Problem to solve: The lines to repeat are those below from the one containing "section \<open>Godsil's identity\<close>" down to the one containing "define \<Phi> where", both included; reproduce them exactly and nothing else.

Task data:
*** Block opens ***

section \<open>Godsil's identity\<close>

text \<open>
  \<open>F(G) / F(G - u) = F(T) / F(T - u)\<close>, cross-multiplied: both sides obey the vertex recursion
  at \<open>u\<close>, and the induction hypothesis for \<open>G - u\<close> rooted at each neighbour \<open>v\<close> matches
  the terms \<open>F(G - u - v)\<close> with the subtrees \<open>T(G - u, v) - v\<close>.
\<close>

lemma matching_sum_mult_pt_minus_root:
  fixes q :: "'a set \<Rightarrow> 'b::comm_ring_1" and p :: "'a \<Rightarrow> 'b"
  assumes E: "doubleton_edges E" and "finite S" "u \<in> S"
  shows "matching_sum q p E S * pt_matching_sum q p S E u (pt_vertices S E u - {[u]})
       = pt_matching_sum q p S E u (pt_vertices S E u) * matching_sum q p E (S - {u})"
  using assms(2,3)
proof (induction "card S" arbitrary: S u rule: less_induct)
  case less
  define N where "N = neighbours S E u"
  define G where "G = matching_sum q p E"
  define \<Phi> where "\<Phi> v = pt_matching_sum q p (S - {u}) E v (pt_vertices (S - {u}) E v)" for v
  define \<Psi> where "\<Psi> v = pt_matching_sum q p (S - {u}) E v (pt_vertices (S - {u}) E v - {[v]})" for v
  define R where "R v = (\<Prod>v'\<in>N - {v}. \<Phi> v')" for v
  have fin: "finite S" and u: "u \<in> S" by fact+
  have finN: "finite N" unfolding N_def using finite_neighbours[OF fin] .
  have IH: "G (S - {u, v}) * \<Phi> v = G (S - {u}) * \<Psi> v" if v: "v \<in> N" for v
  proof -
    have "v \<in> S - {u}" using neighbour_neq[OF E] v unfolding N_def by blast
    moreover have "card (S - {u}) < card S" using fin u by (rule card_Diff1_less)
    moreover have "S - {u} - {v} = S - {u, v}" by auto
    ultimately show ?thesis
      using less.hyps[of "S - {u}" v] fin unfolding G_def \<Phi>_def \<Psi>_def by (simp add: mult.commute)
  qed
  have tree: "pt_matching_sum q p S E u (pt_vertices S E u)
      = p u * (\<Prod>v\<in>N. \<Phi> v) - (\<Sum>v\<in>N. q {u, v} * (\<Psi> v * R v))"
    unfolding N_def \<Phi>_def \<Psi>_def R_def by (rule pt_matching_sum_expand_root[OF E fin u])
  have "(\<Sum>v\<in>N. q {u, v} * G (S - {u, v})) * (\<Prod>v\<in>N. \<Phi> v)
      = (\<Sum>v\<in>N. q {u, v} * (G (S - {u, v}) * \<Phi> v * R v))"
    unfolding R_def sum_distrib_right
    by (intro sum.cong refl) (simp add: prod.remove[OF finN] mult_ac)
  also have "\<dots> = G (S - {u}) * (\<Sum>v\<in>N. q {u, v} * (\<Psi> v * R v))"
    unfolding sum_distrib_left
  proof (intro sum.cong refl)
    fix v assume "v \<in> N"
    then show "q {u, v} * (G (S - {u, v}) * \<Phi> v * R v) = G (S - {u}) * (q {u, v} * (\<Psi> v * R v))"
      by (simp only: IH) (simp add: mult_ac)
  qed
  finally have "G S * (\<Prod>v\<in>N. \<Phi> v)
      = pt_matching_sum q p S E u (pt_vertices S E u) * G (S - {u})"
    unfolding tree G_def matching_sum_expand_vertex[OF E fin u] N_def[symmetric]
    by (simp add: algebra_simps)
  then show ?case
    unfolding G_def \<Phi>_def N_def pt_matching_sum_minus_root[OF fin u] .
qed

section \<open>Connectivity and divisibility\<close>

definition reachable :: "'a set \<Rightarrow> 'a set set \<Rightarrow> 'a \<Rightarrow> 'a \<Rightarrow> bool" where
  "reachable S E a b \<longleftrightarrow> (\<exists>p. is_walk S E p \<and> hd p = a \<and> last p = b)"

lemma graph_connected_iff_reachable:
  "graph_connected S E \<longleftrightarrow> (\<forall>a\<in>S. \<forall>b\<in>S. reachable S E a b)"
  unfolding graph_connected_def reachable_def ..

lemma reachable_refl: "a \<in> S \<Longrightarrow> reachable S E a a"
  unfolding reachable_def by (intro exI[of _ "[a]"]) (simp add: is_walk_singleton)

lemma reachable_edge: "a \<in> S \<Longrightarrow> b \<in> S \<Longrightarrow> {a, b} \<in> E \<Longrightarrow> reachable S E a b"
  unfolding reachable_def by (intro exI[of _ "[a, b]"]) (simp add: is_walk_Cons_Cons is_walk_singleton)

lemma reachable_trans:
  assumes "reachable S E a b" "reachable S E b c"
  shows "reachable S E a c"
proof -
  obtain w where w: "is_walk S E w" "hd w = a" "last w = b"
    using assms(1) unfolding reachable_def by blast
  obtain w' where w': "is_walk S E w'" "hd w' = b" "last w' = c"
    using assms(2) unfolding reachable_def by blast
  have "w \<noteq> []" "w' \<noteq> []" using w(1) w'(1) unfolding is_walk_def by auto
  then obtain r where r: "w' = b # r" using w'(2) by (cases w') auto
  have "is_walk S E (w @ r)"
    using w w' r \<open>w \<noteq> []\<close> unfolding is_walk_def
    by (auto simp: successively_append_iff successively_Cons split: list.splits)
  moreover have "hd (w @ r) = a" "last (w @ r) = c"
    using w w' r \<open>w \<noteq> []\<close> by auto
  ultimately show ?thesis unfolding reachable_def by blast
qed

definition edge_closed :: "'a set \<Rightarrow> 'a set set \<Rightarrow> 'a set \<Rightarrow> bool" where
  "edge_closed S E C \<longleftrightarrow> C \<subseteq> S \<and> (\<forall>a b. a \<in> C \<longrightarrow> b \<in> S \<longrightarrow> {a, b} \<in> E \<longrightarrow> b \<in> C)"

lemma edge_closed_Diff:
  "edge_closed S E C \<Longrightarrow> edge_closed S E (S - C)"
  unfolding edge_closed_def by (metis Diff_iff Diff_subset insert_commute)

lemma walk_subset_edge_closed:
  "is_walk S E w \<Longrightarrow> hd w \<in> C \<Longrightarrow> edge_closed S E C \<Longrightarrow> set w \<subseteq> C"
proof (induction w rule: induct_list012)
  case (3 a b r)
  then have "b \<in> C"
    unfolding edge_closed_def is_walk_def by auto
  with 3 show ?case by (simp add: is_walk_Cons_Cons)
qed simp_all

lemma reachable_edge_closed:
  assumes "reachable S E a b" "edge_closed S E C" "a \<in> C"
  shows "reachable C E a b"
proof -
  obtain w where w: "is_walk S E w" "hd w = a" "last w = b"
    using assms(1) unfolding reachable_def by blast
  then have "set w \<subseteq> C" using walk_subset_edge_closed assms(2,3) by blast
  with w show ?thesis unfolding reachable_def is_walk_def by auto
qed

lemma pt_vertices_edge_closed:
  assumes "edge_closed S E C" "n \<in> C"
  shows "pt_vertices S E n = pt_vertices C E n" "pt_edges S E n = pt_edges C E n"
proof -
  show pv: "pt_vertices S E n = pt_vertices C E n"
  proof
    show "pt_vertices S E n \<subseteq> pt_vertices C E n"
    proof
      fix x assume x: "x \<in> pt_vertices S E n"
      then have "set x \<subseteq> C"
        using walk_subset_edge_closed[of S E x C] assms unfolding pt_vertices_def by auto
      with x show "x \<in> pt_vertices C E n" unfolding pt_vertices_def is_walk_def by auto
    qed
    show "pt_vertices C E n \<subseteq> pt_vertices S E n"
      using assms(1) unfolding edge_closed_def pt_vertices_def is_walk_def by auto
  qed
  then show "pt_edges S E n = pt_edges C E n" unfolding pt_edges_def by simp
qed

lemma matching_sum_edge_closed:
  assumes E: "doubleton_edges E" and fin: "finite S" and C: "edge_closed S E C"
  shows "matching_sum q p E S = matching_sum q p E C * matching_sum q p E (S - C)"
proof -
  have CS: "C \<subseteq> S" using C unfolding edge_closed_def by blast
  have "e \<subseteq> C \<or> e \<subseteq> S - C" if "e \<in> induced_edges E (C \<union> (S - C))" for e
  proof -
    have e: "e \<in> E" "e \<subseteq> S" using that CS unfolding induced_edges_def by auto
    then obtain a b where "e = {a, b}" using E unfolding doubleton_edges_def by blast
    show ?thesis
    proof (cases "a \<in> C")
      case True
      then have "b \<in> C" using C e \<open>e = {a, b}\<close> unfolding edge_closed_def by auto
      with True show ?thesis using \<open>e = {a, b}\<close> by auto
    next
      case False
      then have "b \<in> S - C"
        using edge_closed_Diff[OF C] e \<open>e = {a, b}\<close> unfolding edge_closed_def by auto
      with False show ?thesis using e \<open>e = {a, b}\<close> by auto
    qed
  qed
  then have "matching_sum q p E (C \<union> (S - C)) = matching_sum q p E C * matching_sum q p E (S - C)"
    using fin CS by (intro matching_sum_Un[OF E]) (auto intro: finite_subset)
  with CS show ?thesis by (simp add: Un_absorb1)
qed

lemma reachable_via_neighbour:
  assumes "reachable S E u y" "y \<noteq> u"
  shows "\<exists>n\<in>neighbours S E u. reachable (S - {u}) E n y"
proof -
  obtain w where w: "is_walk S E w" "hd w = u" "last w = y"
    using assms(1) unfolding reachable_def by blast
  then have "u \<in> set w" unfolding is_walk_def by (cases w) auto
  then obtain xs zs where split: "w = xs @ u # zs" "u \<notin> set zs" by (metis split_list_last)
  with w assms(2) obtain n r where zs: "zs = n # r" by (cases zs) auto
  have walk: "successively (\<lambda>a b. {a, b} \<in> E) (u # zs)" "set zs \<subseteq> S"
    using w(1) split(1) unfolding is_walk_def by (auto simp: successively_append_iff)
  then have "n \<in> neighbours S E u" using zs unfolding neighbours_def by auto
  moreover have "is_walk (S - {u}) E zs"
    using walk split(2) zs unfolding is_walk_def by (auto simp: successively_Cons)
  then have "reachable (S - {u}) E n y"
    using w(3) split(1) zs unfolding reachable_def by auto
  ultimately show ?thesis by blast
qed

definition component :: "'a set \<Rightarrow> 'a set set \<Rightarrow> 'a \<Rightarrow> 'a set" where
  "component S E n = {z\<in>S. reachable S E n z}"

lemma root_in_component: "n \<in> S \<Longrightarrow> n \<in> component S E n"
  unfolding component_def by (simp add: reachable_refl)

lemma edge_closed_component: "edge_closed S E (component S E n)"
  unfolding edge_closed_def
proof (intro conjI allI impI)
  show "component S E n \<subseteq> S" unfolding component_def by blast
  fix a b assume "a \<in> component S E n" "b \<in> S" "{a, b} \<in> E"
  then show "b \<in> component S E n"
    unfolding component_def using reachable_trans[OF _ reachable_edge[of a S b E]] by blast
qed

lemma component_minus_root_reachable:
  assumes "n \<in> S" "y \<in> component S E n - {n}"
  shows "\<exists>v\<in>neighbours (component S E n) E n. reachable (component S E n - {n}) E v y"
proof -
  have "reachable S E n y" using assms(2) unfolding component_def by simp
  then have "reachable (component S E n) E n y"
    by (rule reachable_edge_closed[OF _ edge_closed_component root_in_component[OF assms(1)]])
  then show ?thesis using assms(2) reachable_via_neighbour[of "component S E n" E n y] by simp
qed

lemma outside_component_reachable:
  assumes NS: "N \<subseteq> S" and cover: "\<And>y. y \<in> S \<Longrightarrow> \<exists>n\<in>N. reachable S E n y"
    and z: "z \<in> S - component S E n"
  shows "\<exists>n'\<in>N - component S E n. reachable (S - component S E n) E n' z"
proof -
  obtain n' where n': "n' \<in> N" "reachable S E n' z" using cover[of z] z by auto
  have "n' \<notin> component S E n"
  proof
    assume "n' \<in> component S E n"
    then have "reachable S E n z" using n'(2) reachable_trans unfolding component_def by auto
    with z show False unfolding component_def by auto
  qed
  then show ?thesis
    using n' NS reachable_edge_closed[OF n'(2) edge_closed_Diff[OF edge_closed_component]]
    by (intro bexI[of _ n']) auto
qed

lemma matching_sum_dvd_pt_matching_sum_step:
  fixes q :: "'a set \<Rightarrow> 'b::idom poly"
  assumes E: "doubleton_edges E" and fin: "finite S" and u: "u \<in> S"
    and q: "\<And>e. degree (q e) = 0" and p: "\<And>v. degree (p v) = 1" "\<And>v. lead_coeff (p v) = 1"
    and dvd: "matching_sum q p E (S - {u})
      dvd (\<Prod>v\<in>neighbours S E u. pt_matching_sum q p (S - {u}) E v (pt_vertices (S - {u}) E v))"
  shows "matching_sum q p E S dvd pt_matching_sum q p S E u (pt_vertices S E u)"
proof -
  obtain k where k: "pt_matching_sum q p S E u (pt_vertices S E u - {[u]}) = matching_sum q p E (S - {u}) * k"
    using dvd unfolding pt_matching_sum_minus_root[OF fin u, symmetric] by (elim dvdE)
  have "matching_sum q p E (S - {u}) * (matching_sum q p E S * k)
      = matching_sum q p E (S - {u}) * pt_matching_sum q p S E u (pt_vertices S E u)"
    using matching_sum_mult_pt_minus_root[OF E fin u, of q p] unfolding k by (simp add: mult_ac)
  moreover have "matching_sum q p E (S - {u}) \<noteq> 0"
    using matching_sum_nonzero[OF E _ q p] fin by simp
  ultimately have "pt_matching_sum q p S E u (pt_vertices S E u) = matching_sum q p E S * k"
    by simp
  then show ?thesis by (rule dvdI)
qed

*** Block closes ***
*** Block opens ***

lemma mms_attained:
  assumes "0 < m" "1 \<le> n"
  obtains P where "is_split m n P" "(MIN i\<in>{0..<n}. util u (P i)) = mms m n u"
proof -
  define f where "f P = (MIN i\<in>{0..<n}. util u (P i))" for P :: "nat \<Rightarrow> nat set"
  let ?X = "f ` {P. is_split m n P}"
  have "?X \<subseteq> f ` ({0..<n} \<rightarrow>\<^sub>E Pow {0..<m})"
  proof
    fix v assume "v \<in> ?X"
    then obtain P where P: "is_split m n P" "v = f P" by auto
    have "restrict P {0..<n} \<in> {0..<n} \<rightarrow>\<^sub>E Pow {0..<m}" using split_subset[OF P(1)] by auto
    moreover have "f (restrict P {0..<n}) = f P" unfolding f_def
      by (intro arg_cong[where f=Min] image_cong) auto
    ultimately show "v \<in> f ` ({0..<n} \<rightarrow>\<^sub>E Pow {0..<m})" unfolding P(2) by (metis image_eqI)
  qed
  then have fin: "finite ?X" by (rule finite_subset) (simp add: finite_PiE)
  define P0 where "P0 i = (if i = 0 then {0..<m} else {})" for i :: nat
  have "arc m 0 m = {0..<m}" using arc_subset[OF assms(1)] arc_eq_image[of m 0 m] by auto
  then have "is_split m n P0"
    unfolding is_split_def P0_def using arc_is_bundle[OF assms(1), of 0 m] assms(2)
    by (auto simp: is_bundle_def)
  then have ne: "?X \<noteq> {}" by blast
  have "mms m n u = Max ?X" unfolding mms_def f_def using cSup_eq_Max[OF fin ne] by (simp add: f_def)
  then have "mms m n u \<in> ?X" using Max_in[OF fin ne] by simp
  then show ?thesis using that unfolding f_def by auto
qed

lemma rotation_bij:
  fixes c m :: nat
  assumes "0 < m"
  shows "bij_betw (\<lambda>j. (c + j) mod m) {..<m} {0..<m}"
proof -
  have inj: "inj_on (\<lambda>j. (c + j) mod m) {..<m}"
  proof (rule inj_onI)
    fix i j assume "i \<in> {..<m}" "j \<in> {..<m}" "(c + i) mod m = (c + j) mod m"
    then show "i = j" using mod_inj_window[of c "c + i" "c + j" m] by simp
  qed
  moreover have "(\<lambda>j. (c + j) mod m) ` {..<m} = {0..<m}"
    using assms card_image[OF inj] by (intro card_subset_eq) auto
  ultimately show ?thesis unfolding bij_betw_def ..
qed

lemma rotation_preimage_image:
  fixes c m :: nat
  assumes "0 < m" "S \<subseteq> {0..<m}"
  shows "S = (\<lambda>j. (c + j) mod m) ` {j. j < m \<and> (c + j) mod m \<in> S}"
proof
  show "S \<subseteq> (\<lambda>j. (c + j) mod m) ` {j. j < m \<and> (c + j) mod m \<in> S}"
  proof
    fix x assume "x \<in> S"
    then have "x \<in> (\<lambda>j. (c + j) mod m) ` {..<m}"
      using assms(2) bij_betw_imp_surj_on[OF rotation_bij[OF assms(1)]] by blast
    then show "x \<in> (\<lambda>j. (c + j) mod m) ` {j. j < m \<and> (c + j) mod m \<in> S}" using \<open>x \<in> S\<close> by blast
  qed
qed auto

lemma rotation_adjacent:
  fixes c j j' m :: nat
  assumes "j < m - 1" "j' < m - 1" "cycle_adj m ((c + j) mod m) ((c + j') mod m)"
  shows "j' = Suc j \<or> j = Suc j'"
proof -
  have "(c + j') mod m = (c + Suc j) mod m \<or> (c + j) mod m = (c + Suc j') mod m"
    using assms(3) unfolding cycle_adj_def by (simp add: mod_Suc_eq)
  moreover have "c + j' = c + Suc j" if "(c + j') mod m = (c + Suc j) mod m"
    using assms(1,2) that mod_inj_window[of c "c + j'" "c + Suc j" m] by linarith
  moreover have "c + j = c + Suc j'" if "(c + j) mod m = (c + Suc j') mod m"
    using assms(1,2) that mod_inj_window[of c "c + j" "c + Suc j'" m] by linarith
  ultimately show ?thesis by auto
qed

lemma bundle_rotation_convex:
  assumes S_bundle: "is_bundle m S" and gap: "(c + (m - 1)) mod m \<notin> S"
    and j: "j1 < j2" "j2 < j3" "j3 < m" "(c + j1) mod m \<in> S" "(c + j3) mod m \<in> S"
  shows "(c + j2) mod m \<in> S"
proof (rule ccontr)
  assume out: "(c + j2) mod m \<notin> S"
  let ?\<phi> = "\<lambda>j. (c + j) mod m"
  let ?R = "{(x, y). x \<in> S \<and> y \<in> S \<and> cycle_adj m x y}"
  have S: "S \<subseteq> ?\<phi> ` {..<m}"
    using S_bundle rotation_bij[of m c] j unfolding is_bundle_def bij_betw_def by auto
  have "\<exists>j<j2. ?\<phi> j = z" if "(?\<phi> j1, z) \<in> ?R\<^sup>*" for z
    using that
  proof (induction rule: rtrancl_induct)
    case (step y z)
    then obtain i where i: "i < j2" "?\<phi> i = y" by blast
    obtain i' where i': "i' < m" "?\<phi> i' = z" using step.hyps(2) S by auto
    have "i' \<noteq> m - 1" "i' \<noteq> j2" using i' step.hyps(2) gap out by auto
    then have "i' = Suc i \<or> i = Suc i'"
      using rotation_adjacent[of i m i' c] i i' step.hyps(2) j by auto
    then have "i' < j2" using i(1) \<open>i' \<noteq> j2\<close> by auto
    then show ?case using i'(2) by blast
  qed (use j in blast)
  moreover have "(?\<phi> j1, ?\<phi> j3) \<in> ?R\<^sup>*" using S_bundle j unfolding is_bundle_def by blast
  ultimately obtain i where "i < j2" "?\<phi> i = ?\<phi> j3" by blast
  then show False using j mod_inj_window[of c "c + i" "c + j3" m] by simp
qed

*** Block closes ***

Exercise solution:
section \<open>Godsil's identity\<close>

text \<open>
  \<open>F(G) / F(G - u) = F(T) / F(T - u)\<close>, cross-multiplied: both sides obey the vertex recursion
  at \<open>u\<close>, and the induction hypothesis for \<open>G - u\<close> rooted at each neighbour \<open>v\<close> matches
  the terms \<open>F(G - u - v)\<close> with the subtrees \<open>T(G - u, v) - v\<close>.
\<close>

lemma matching_sum_mult_pt_minus_root:
  fixes q :: "'a set \<Rightarrow> 'b::comm_ring_1" and p :: "'a \<Rightarrow> 'b"
  assumes E: "doubleton_edges E" and "finite S" "u \<in> S"
  shows "matching_sum q p E S * pt_matching_sum q p S E u (pt_vertices S E u - {[u]})
       = pt_matching_sum q p S E u (pt_vertices S E u) * matching_sum q p E (S - {u})"
  using assms(2,3)
proof (induction "card S" arbitrary: S u rule: less_induct)
  case less
  define N where "N = neighbours S E u"
  define G where "G = matching_sum q p E"
  define \<Phi> where "\<Phi> v = pt_matching_sum q p (S - {u}) E v (pt_vertices (S - {u}) E v)" for v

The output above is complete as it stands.